-------- Extracted material --------

text \<open>Fix an \<open>\<epsilon>\<close>-net \<open>C\<close> of the parameter ball. For a centre \<open>c\<close> the optimistic envelope
  \<open>q\<^sub>c = \<phi> \<bullet> c + \<epsilon>\<close> dominates every model \<open>P\<^sub>\<theta>\<close> with \<open>dist \<theta> c < \<epsilon>\<close>, so
  \<open>-X\<^sup>\<theta> \<le> 2 Z\<^sub>c\<close> for \<open>Z\<^sub>c = log (q\<^sub>c / P) / 2\<close>, while by the Hellinger affinity
  \<open>E exp Z\<^sub>c = \<Sum> sqrt (P q\<^sub>c) \<le> 1 - \<ell>(\<theta>) + |S| sqrt (2 \<epsilon>)\<close>. Along the adaptively sampled
  history the products of \<open>exp Z\<^sub>c / E exp Z\<^sub>c\<close> are nonnegative supermartingales, so by Ville's
  inequality and a union bound over the centres and the \<open>N + 1\<close> sample streams, with probability
  \<open>1 - \<delta>\<close> none of them ever exceeds \<open>|C| (N + 1) / \<delta>\<close>. Taking logarithms and using
  \<open>log x \<le> x - 1\<close> gives the bound: \<open>\<epsilon> = 1 / (T\<^sup>2 |S|\<^sup>2)\<close> keeps the discretisation cost below
  \<open>2 sqrt 2\<close>, and the volume bound \<open>|C| \<le> (1 + 2 sqrt d / \<epsilon>)\<^sup>d\<close> gives the last term.\<close>

section \<open>Nets in Euclidean balls\<close>

lemma card_separated_le:
  fixes F :: "(real^'d) set"
  assumes "finite F" and "F \<subseteq> cball 0 R" and "0 < \<epsilon>" and "0 \<le> R"
    and separated: "\<forall>x\<in>F. \<forall>y\<in>F. x \<noteq> y \<longrightarrow> \<epsilon> \<le> dist x y"
  shows "real (card F) \<le> (1 + 2 * R / \<epsilon>) ^ CARD('d)"
proof -
  let ?V = "unit_ball_vol (real CARD('d))"
  have fmeasurable_ball: "ball (c::real^'d) r \<in> fmeasurable lborel" for c r
    using emeasure_lborel_ball_finite by (auto simp: fmeasurable_def top_unique less_top)
  have "real (card F) * (?V * (\<epsilon>/2) ^ CARD('d)) = (\<Sum>c\<in>F. measure lborel (ball c (\<epsilon>/2)))"
    using \<open>0 < \<epsilon>\<close> by (simp add: content_ball)
  also have "\<dots> = measure lborel (\<Union>c\<in>F. ball c (\<epsilon>/2))"
  proof (rule measure_UNION'[symmetric])
    show "pairwise (\<lambda>i j. disjnt (ball i (\<epsilon>/2)) (ball j (\<epsilon>/2))) F"
    proof (rule pairwiseI)
      fix i j assume "i \<in> F" "j \<in> F" "i \<noteq> j"
      then have "\<epsilon> \<le> dist i j" using separated by blast
      then show "disjnt (ball i (\<epsilon>/2)) (ball j (\<epsilon>/2))"
        unfolding disjnt_def by (intro disjoint_ballI) simp
    qed
  qed (use \<open>finite F\<close> fmeasurable_ball in auto)
  also have "\<dots> \<le> measure lborel (ball (0::real^'d) (R + \<epsilon>/2))"
  proof (intro measure_mono_fmeasurable)
    show "(\<Union>c\<in>F. ball c (\<epsilon>/2)) \<subseteq> ball 0 (R + \<epsilon>/2)"
    proof
      fix x assume "x \<in> (\<Union>c\<in>F. ball c (\<epsilon>/2))"
      then obtain c where "c \<in> F" "dist c x < \<epsilon>/2" by auto
      moreover have "dist 0 x \<le> dist 0 c + dist c x" by (rule dist_triangle)
      ultimately show "x \<in> ball 0 (R + \<epsilon>/2)" using \<open>F \<subseteq> cball 0 R\<close> by force
    qed
  qed (auto simp: fmeasurable_ball intro!: borel_open open_UN)
  also have "\<dots> = ?V * (R + \<epsilon>/2) ^ CARD('d)"
    using \<open>0 < \<epsilon>\<close> \<open>0 \<le> R\<close> by (simp add: content_ball)
  finally have "real (card F) * (\<epsilon>/2) ^ CARD('d) \<le> (R + \<epsilon>/2) ^ CARD('d)"
    by (simp add: mult.left_commute)
  hence "real (card F) \<le> (R + \<epsilon>/2) ^ CARD('d) / (\<epsilon>/2) ^ CARD('d)"
    using \<open>0 < \<epsilon>\<close> by (simp add: pos_le_divide_eq)
  also have "\<dots> = ((R + \<epsilon>/2) / (\<epsilon>/2)) ^ CARD('d)"
    by (simp only: power_divide)
  also have "(R + \<epsilon>/2) / (\<epsilon>/2) = 1 + 2 * R / \<epsilon>"
    using \<open>0 < \<epsilon>\<close> by (simp add: field_simps)
  finally show ?thesis .
qed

--------

■ Task requirements
Verbatim reproduction is required for the line holding "R\<close> by force" and for every line after it in the records, with no other line included.

■ Written response
      ultimately show "x \<in> ball 0 (R + \<epsilon>/2)" using \<open>F \<subseteq> cball 0 R\<close> by force
    qed
  qed (auto simp: fmeasurable_ball intro!: borel_open open_UN)
  also have "\<dots> = ?V * (R + \<epsilon>/2) ^ CARD('d)"
    using \<open>0 < \<epsilon>\<close> \<open>0 \<le> R\<close> by (simp add: content_ball)
  finally have "real (card F) * (\<epsilon>/2) ^ CARD('d) \<le> (R + \<epsilon>/2) ^ CARD('d)"
    by (simp add: mult.left_commute)
  hence "real (card F) \<le> (R + \<epsilon>/2) ^ CARD('d) / (\<epsilon>/2) ^ CARD('d)"
    using \<open>0 < \<epsilon>\<close> by (simp add: pos_le_divide_eq)
  also have "\<dots> = ((R + \<epsilon>/2) / (\<epsilon>/2)) ^ CARD('d)"
    by (simp only: power_divide)
  also have "(R + \<epsilon>/2) / (\<epsilon>/2) = 1 + 2 * R / \<epsilon>"
    using \<open>0 < \<epsilon>\<close> by (simp add: field_simps)
  finally show ?thesis .
qed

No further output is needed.